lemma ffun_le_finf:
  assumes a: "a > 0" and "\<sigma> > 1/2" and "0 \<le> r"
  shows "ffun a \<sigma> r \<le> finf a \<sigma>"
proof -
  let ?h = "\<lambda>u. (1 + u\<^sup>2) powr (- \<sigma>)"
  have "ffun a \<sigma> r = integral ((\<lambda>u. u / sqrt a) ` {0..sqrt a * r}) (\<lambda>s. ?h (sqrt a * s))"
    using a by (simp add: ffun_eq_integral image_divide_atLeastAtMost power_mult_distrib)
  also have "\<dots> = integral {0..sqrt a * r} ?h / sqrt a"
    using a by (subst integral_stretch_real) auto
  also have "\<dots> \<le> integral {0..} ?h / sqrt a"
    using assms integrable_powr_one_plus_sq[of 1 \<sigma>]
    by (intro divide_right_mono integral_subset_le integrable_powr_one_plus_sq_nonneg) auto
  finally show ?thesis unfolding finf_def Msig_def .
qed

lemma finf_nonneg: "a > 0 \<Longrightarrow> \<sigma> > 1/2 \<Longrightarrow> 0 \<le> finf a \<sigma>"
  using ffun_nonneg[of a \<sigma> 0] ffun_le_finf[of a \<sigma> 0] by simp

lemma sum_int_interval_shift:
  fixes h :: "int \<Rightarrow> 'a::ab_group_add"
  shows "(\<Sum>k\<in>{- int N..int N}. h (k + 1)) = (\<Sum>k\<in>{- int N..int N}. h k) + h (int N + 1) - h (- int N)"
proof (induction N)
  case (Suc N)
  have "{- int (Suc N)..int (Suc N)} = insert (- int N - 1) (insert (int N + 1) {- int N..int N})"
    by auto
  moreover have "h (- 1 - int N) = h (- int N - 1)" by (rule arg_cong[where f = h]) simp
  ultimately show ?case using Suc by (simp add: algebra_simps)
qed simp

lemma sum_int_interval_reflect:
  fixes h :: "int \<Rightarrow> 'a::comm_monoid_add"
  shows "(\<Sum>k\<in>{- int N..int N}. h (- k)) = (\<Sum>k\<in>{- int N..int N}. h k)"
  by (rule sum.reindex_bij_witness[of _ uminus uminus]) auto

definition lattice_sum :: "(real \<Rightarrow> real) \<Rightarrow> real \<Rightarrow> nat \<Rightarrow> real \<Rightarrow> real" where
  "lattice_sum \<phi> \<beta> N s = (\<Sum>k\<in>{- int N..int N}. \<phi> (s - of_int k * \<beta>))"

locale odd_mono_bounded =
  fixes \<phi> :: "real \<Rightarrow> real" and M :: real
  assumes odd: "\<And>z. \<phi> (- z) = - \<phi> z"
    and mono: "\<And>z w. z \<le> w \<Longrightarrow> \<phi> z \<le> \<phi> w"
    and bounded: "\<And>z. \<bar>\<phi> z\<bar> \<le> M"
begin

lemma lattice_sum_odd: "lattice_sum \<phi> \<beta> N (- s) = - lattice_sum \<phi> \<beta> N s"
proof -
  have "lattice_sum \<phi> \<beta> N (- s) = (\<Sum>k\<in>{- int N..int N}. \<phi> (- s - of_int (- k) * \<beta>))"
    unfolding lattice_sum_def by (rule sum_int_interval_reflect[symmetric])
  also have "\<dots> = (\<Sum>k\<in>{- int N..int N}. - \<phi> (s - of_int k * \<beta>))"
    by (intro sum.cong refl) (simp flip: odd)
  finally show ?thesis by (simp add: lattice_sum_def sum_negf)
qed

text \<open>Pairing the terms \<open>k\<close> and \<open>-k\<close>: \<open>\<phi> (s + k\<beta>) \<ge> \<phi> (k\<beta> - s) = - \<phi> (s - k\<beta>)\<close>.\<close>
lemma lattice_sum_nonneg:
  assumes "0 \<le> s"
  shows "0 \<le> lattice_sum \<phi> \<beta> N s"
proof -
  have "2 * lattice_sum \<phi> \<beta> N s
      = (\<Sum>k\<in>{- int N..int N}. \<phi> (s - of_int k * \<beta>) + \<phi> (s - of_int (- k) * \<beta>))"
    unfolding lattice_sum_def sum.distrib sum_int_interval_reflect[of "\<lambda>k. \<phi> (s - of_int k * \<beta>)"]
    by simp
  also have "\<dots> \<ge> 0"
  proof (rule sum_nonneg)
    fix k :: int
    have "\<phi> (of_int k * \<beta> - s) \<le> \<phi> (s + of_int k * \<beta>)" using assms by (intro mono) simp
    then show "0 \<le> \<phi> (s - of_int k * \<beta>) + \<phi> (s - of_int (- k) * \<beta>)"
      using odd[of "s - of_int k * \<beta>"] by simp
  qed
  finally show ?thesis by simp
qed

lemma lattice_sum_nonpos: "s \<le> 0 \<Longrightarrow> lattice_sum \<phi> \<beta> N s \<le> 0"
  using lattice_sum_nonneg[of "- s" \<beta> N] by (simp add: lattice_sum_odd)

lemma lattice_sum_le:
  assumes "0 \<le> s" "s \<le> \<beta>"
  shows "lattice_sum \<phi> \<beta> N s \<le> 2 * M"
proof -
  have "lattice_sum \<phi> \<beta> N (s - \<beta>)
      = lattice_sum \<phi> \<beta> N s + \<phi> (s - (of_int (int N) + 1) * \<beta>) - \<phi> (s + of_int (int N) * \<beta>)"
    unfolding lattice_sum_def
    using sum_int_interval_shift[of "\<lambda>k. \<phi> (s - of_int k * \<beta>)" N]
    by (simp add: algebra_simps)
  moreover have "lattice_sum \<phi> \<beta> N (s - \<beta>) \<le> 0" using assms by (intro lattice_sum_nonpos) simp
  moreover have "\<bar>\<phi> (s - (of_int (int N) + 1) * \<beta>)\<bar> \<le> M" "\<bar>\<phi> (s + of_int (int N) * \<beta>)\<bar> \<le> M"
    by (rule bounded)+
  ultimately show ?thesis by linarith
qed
┄┄┄┄┄┄┄┄┄┄
**Required action:** Leave out every line above except those from the line with "(intro mono) simp" up to and including the line with "finally show ?thesis by simp", and copy those exactly.

**Exercise result:**
    have "\<phi> (of_int k * \<beta> - s) \<le> \<phi> (s + of_int k * \<beta>)" using assms by (intro mono) simp
    then show "0 \<le> \<phi> (s - of_int k * \<beta>) + \<phi> (s - of_int (- k) * \<beta>)"
      using odd[of "s - of_int k * \<beta>"] by simp
  qed
  finally show ?thesis by simp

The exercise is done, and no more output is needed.